We made a mistake with our first dorper/khatadan cross ram.  We thought it was cute when he brushed up against us, made charges at us and otherwise manifested his domination over his dominion.

When he had grown to a beautiful and prolific ram of 2 years old he knocked my wife down, charged me and nailed me in the leg.  His familiarity was not so cute then.  He had, with our help, become a dangerous animal.  His behavior is good etiquette if he's on the range and not in contact with humans, but if he is, he is a danger.

Our 2nd ram was raised differently.  We allowed no physical contact with the ram, discouraged any sort of familiarity and he is doing well.  He keeps his distance, does his job with the ewes and we are happy to have learned that this hard lesson.

Wethering a lamb that has already developed agression will not tame him.  He is better off being hunted or in someone's freezer.

We have to remember that these beautiful animals can be dangerous.


----------



## nsanywhere (Aug 6, 2011)

I banded my shetland ram lamb at 2 weeks and he has been a love ever since. He's now a year old, stayed small, horns growing very slowly, no butting or trying to get on the girls. He will stand perfectly still, nose to nose with my 4 year old nephew and let him pet, kiss, handle the horns, etc.
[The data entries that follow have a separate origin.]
lemma survival_add:
  assumes s: "s \<in> T" and t: "t \<in> T"
  shows "survival (s + t) = survival s * survival t"
proof -
  have st: "s + t \<in> T" using time_domain_add[OF time_domain s t] .
  have "ennreal (survival (s + t)) = (\<integral>\<^sup>+x. emeasure (P (s + t) x) UNIV \<partial>\<pi>)"
    using nn_integral_kernel_UNIV[OF st] by simp
  also have "\<dots> = (\<integral>\<^sup>+x. \<integral>\<^sup>+y. emeasure (P t y) UNIV \<partial>P s x \<partial>\<pi>)"
    using chapman_kolmogorov[OF s t] by simp
  also have "\<dots> = ennreal (survival s) * ennreal (survival t)"
    using nn_integral_nn_integral_kernel[OF s measurable_submarkov_kernel(2)[OF kernel[OF t]]]
      nn_integral_kernel_UNIV[OF t] by simp
  finally show ?thesis
    using survival_pos[OF s] survival_pos[OF t] survival_pos[OF st] by (simp flip: ennreal_mult)
qed

lemma survival_antimono:
  assumes "s \<in> T" "t \<in> T" "s \<le> t"
  shows "survival t \<le> survival s"
proof -
  have d: "t - s \<in> T" using time_domain_diff[OF time_domain assms] .
  have "survival t = survival s * survival (t - s)" using survival_add[OF assms(1) d] by simp
  also have "\<dots> \<le> survival s"
    using survival_le_1[OF d] survival_pos[OF assms(1)] by (simp add: mult_left_le)
  finally show ?thesis .
qed

lemma survival_of_nat_mult:
  assumes "t \<in> T"
  shows "survival (real n * t) = survival t ^ n"
proof (induction n)
  case 0
  have "survival 0 = survival 0 * survival 0"
    using survival_add[of 0 0] time_domain_of_nat[OF time_domain, of 0] by simp
  then show ?case using survival_pos[of 0] time_domain_of_nat[OF time_domain, of 0] by simp
next
  case (Suc n)
  have "survival (real (Suc n) * t) = survival (real n * t) * survival t"
    using survival_add[OF time_domain_of_nat_mult[OF time_domain assms] assms]
    by (simp add: algebra_simps)
  then show ?case using Suc by simp
qed

text \<open>A non-integer time t can only be compared with integer times through its multiples:
  \<open>survival t ^ n \<ge> survival \<lceil>n t\<rceil> \<ge> survival 1 ^ (n t + 1)\<close> for all n, and n \<rightarrow> \<infinity>.\<close>
lemma lambda_powr_le_survival:
  assumes t: "t \<in> T" and "0 < t"
  shows "survival 1 powr t \<le> survival t"
proof -
  have one: "1 \<in> T" using time_domain_of_nat[OF time_domain, of 1] by simp
  define l where "l = survival 1"
  have l0: "0 < l" and l1: "l \<le> 1" using survival_pos[OF one] survival_le_1[OF one] by (auto simp: l_def)
  have lt0: "0 < l powr t" using l0 by simp
  define q where "q = survival t / l powr t"
  have key: "l \<le> q ^ Suc n" for n
  proof -
    define x where "x = real (Suc n) * t"
    have xT: "x \<in> T" unfolding x_def using time_domain_of_nat_mult[OF time_domain t] .
    have "0 < x" using \<open>0 < t\<close> by (simp add: x_def)
    define k where "k = nat \<lceil>x\<rceil>"
    have kx: "x \<le> real k" "real k \<le> x + 1" using \<open>0 < x\<close> by (auto simp: k_def)
    have "(l powr t) ^ Suc n * l = l powr (x + 1)"
      using l0 by (simp add: powr_add x_def powr_powr[symmetric] powr_realpow mult.commute)
    also have "\<dots> \<le> l powr real k" using powr_mono'[OF kx(2)] l0 l1 by simp
    also have "\<dots> = survival (real k * 1)"
      using survival_of_nat_mult[OF one, of k] powr_realpow[OF l0, of k] by (simp add: l_def)
    also have "\<dots> \<le> survival x"
      using survival_antimono[OF xT time_domain_of_nat[OF time_domain, of k] kx(1)] by simp
    also have "\<dots> = (l powr t) ^ Suc n * q ^ Suc n"
      using survival_of_nat_mult[OF t, of "Suc n"] lt0 by (simp add: x_def q_def power_divide)
    finally show ?thesis using lt0 by simp
  qed
  have "1 \<le> q"
  proof (rule ccontr)
    assume "\<not> 1 \<le> q"
    then obtain n where n: "q ^ n < l" using real_arch_pow_inv[OF l0] by force
    show False
    proof (cases n)
      case 0
      then show False using n l1 by simp
    next
      case (Suc m)
      then show False using n key[of m] by simp
    qed
  qed
  then show ?thesis using lt0 by (simp add: q_def l_def le_divide_eq)
qed

lemma minorizing_measure_null:
  assumes t: "t \<in> T" and "0 < c" and \<nu>: "borel_prob \<nu>"
    and minor: "\<forall>x. \<forall>B\<in>sets borel. measure (P t x) B / measure (P t x) UNIV \<ge> c * measure \<nu> B"
    and N: "N \<in> sets borel" "measure \<pi> N = 0"
  shows "emeasure \<nu> N = 0"
proof -
  interpret \<nu>: prob_space \<nu> using \<nu> by (simp add: borel_prob_def)
  have s\<pi>: "sets \<pi> = sets borel" using borel_prob_QSD by (simp add: borel_prob_def)
  have "ennreal (c * measure \<nu> N) * ennreal (survival t)
      = (\<integral>\<^sup>+x. ennreal (c * measure \<nu> N) * emeasure (P t x) UNIV \<partial>\<pi>)"
    using nn_integral_kernel_UNIV[OF t] measurable_submarkov_kernel(2)[OF kernel[OF t], of UNIV]
    by (simp add: nn_integral_cmult measurable_cong_sets[OF s\<pi> refl])
  also have "\<dots> \<le> (\<integral>\<^sup>+x. emeasure (P t x) N \<partial>\<pi>)"
  proof (intro nn_integral_mono)
    fix x
    have "c * measure \<nu> N \<le> measure (P t x) N / measure (P t x) UNIV" using minor N(1) by blast
    from mult_le_of_le_divide[OF measure_nonneg measure_nonneg this]
    show "ennreal (c * measure \<nu> N) * emeasure (P t x) UNIV \<le> emeasure (P t x) N"
      using \<open>0 < c\<close>
      by (simp add: submarkov_kernel_emeasure(1)[OF kernel[OF t]] ennreal_leI flip: ennreal_mult)
  qed
  also have "\<dots> = 0" using nn_integral_kernel_eq[OF t N(1)] N(2) by simp
  finally have "c * measure \<nu> N * survival t = 0"
    using \<open>0 < c\<close> survival_pos[OF t] by (simp flip: ennreal_mult)
  then show ?thesis using \<open>0 < c\<close> survival_pos[OF t] by (simp add: \<nu>.emeasure_eq_measure)
qed

lemma AE_minorizing_measure:
  assumes s\<Lambda>: "sets \<Lambda> = sets borel" and ac: "absolutely_continuous \<Lambda> \<pi>"
    and t: "t \<in> T" and "0 < c" and \<nu>: "borel_prob \<nu>"
    and minor: "\<forall>x. \<forall>B\<in>sets borel. measure (P t x) B / measure (P t x) UNIV \<ge> c * measure \<nu> B"
    and A: "A \<in> sets borel" "emeasure \<nu> (UNIV - A) = 0" and ae: "AE y in \<Lambda>. y \<in> A \<longrightarrow> Q y"
  shows "AE y in \<nu>. Q y"
proof -
  from ae obtain N where N: "{y \<in> space \<Lambda>. \<not> (y \<in> A \<longrightarrow> Q y)} \<subseteq> N" "N \<in> null_sets \<Lambda>"
    using ae by (auto simp: eventually_ae_filter)
  have "N \<in> null_sets \<pi>" using ac N(2) by (auto simp: absolutely_continuous_def)
  then have "N \<in> sets borel" "measure \<pi> N = 0"
    using borel_prob_QSD by (auto simp: borel_prob_def measure_def)
  then have "emeasure \<nu> N = 0" by (rule minorizing_measure_null[OF t \<open>0 < c\<close> \<nu> minor])
  moreover have "sets \<nu> = sets borel" using \<nu> by (simp add: borel_prob_def)
  ultimately have "N \<union> (UNIV - A) \<in> null_sets \<nu>"
    using A \<open>N \<in> sets borel\<close> by (intro null_sets.Un null_setsI) auto
  moreover have "{y \<in> space \<nu>. \<not> Q y} \<subseteq> N \<union> (UNIV - A)"
    using N(1) sets_eq_imp_space_eq[OF s\<Lambda>] by auto
  ultimately show ?thesis by (rule AE_I')
qed

end

lemma AE_ge_of_set_nn_integral_ge:
  fixes f :: "'a \<Rightarrow> ennreal"
  assumes f[measurable]: "f \<in> borel_measurable M" and A[measurable]: "A \<in> sets M"
    and finite: "(\<integral>\<^sup>+x. f x * indicator A x \<partial>M) \<noteq> \<infinity>"
    and ge: "\<And>A'. A' \<in> sets M \<Longrightarrow> A' \<subseteq> A \<Longrightarrow> c * emeasure M A' \<le> (\<integral>\<^sup>+x. f x * indicator A' x \<partial>M)"
  shows "AE x in M. x \<in> A \<longrightarrow> c \<le> f x"
proof -
  define E where "E = {x \<in> space M. x \<in> A \<and> f x < c}"
  have E[measurable]: "E \<in> sets M" unfolding E_def by measurable
  have "E \<subseteq> A" unfolding E_def by auto
  then have "(\<integral>\<^sup>+x. f x * indicator E x \<partial>M) \<le> (\<integral>\<^sup>+x. f x * indicator A x \<partial>M)"
    by (intro nn_integral_mono) (auto split: split_indicator)
  then have finite_E: "(\<integral>\<^sup>+x. f x * indicator E x \<partial>M) \<noteq> \<infinity>" using finite by (auto simp: top_unique)
  have "AE x in M. c * indicator E x \<le> f x * indicator E x"
  proof (rule ccontr)
    assume "\<not> (AE x in M. c * indicator E x \<le> f x * indicator E x)"
    then have "(\<integral>\<^sup>+x. f x * indicator E x \<partial>M) < (\<integral>\<^sup>+x. c * indicator E x \<partial>M)"
      by (intro nn_integral_less[OF _ _ finite_E])
        (auto simp: E_def split: split_indicator intro: less_imp_le)
    then show False using ge[OF E \<open>E \<subseteq> A\<close>] by (simp add: nn_integral_cmult_indicator)
  qed
  then show ?thesis
    by (rule AE_mp) (auto simp: E_def split: split_indicator intro!: AE_I2)
qed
My guy is being raised as a pet so I couldn't be happier with the banding results!


----------



## Royd Wood (Aug 6, 2011)

We dont band any of our Romney lambs just in case the future supreme champion happened to be born in our barn - not happened yet but got close with this guy called Mustard







Nearly kept him but got a little aggresive. Looks well considering he had grass only and boy did he taste good


----------



## aggieterpkatie (Aug 7, 2011)

Nice looking boy!!


----------